Work request
Exactly transcribe the line that holds "y z < \<epsilon> /" and every remaining line of the records, up to and including the final one, with nothing else.

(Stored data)
::::::::::
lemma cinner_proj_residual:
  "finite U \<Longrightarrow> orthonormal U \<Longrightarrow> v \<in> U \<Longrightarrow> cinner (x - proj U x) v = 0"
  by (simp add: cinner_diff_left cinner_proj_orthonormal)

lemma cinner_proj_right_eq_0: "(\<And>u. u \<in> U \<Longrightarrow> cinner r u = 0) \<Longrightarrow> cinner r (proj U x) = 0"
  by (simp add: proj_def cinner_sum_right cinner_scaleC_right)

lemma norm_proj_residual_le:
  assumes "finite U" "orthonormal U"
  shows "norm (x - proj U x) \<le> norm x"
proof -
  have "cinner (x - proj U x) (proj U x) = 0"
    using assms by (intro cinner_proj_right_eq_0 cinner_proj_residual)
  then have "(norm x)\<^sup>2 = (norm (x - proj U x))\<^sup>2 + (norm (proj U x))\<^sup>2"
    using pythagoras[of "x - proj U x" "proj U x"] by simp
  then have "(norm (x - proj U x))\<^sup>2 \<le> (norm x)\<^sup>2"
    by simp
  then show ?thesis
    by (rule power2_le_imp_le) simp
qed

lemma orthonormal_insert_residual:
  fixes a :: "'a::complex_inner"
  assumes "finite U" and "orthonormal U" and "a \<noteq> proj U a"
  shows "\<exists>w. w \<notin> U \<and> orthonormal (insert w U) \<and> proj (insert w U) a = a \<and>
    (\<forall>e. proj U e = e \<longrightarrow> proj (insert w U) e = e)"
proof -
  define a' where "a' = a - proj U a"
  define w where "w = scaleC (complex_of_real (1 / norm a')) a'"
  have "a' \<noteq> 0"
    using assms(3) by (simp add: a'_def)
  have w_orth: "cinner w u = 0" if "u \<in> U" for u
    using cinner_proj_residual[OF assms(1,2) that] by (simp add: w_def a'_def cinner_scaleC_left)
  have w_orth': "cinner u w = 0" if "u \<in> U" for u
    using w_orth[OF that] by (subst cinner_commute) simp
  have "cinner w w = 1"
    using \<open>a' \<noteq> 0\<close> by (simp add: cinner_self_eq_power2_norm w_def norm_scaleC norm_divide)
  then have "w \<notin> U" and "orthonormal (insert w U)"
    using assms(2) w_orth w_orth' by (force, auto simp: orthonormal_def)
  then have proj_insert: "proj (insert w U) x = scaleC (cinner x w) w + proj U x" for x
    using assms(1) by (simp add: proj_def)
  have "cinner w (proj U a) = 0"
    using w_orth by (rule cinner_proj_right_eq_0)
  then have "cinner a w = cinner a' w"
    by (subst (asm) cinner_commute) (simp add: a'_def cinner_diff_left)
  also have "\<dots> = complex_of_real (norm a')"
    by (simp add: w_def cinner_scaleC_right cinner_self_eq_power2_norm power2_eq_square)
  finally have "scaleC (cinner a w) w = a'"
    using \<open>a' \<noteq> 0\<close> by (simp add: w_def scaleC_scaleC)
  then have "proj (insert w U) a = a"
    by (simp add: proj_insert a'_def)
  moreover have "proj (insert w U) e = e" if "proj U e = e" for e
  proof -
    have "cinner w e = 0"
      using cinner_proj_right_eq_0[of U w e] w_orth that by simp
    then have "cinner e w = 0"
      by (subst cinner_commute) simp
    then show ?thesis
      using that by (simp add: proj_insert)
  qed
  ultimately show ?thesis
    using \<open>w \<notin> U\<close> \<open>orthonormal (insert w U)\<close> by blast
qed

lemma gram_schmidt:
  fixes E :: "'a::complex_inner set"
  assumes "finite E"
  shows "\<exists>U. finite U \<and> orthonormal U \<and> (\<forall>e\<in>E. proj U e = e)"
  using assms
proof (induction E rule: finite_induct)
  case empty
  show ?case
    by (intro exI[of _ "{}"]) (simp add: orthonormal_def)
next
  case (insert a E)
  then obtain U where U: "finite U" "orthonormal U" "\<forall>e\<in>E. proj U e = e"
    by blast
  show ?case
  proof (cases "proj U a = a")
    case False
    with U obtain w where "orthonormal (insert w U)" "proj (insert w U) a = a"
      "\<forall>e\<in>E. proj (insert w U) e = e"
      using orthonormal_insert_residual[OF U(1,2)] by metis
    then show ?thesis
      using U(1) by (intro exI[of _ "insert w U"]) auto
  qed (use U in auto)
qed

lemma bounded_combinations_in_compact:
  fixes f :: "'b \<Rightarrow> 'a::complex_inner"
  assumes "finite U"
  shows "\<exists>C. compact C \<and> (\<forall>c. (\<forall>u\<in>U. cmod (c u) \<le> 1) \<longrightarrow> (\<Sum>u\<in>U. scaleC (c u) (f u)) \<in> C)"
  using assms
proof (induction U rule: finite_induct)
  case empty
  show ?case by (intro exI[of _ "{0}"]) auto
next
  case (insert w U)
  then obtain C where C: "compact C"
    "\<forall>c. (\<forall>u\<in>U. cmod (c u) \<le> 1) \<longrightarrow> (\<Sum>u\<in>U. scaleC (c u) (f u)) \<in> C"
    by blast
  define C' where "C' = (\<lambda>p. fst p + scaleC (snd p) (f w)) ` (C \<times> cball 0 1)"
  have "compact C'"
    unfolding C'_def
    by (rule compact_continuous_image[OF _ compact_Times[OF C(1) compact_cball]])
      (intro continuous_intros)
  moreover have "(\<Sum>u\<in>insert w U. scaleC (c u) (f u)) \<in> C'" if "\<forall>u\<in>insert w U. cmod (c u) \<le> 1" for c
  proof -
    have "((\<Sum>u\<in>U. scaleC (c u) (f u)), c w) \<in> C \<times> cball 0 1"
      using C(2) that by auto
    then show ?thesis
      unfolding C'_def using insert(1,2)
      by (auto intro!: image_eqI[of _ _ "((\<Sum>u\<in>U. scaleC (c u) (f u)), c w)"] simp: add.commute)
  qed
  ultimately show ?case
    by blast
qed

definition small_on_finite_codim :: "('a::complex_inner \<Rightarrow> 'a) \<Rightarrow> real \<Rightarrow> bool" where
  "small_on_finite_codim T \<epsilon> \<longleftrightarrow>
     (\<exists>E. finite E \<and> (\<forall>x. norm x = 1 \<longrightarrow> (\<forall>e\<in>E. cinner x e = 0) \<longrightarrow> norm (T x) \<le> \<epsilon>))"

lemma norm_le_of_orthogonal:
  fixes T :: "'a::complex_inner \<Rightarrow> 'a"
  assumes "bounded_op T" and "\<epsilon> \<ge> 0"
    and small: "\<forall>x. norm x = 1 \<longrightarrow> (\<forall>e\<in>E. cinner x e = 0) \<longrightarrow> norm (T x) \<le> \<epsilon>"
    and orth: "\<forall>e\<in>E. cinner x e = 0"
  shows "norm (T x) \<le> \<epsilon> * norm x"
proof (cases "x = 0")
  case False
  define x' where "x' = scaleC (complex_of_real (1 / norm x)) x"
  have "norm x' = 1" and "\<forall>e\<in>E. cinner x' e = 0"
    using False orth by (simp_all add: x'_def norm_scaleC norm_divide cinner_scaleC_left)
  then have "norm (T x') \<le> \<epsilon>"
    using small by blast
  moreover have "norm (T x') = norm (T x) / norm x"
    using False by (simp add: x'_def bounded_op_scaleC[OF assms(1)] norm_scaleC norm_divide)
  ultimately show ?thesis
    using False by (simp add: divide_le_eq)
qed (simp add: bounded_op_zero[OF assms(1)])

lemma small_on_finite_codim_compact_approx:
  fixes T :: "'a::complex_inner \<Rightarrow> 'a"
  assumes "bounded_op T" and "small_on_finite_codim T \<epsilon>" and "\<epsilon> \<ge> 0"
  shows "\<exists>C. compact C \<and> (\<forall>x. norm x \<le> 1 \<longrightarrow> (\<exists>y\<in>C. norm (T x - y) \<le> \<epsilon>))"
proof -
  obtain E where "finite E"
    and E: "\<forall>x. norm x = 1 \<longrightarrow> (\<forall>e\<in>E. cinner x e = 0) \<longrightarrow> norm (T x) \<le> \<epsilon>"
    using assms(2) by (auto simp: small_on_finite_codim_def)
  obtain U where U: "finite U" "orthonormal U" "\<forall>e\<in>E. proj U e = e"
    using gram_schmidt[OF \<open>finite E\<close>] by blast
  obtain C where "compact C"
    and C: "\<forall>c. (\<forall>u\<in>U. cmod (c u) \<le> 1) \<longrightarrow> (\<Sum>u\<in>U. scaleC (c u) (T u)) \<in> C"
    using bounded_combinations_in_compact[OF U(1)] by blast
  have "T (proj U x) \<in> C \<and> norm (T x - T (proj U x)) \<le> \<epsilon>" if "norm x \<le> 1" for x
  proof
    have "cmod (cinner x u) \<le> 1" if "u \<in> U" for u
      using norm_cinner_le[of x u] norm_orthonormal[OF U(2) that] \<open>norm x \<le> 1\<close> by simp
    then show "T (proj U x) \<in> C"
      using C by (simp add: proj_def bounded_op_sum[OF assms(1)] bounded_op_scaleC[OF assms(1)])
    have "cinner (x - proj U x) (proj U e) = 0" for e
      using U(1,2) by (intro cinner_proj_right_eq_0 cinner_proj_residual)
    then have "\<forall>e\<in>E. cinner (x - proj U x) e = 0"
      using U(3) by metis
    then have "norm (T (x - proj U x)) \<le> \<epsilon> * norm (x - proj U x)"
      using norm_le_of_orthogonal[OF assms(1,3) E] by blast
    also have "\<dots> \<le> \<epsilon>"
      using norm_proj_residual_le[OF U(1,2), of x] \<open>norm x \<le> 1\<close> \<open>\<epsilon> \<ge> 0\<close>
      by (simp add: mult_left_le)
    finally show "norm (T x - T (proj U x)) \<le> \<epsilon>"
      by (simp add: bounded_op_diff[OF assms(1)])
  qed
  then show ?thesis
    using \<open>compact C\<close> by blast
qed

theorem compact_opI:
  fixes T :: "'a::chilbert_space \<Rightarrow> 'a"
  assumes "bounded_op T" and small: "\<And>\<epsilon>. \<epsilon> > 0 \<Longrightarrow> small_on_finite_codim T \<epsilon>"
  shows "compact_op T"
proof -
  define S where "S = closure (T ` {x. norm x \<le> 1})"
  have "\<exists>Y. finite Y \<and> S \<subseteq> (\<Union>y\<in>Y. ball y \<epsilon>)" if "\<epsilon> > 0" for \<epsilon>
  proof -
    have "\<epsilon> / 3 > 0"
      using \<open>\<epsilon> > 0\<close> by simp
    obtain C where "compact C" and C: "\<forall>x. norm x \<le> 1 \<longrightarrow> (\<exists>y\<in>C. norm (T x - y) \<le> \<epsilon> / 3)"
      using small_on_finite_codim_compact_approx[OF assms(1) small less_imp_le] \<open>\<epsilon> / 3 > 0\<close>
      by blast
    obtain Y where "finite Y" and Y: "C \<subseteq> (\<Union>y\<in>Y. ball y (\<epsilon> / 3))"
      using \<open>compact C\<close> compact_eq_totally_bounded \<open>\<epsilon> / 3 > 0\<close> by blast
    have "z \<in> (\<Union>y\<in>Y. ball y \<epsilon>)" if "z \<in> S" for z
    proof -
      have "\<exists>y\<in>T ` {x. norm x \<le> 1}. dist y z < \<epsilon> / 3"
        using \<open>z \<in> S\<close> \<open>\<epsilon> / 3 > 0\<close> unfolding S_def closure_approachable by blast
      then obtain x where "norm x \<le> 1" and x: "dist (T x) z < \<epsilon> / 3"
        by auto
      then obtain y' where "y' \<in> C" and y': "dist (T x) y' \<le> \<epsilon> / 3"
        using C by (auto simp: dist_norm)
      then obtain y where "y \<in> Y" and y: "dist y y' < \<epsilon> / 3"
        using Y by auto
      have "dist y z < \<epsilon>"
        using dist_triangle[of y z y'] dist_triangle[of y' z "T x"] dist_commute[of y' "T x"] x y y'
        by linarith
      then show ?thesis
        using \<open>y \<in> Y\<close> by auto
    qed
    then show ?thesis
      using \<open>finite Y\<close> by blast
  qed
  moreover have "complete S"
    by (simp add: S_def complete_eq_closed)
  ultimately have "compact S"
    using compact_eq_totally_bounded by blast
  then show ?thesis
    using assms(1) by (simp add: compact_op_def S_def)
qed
::::::::::
Output of the exercise
      have "\<exists>y\<in>T ` {x. norm x \<le> 1}. dist y z < \<epsilon> / 3"
        using \<open>z \<in> S\<close> \<open>\<epsilon> / 3 > 0\<close> unfolding S_def closure_approachable by blast
      then obtain x where "norm x \<le> 1" and x: "dist (T x) z < \<epsilon> / 3"
        by auto
      then obtain y' where "y' \<in> C" and y': "dist (T x) y' \<le> \<epsilon> / 3"
        using C by (auto simp: dist_norm)
      then obtain y where "y \<in> Y" and y: "dist y y' < \<epsilon> / 3"
        using Y by auto
      have "dist y z < \<epsilon>"
        using dist_triangle[of y z y'] dist_triangle[of y' z "T x"] dist_commute[of y' "T x"] x y y'
        by linarith
      then show ?thesis
        using \<open>y \<in> Y\<close> by auto
    qed
    then show ?thesis
      using \<open>finite Y\<close> by blast
  qed
  moreover have "complete S"
    by (simp add: S_def complete_eq_closed)
  ultimately have "compact S"
    using compact_eq_totally_bounded by blast
  then show ?thesis
    using assms(1) by (simp add: compact_op_def S_def)
qed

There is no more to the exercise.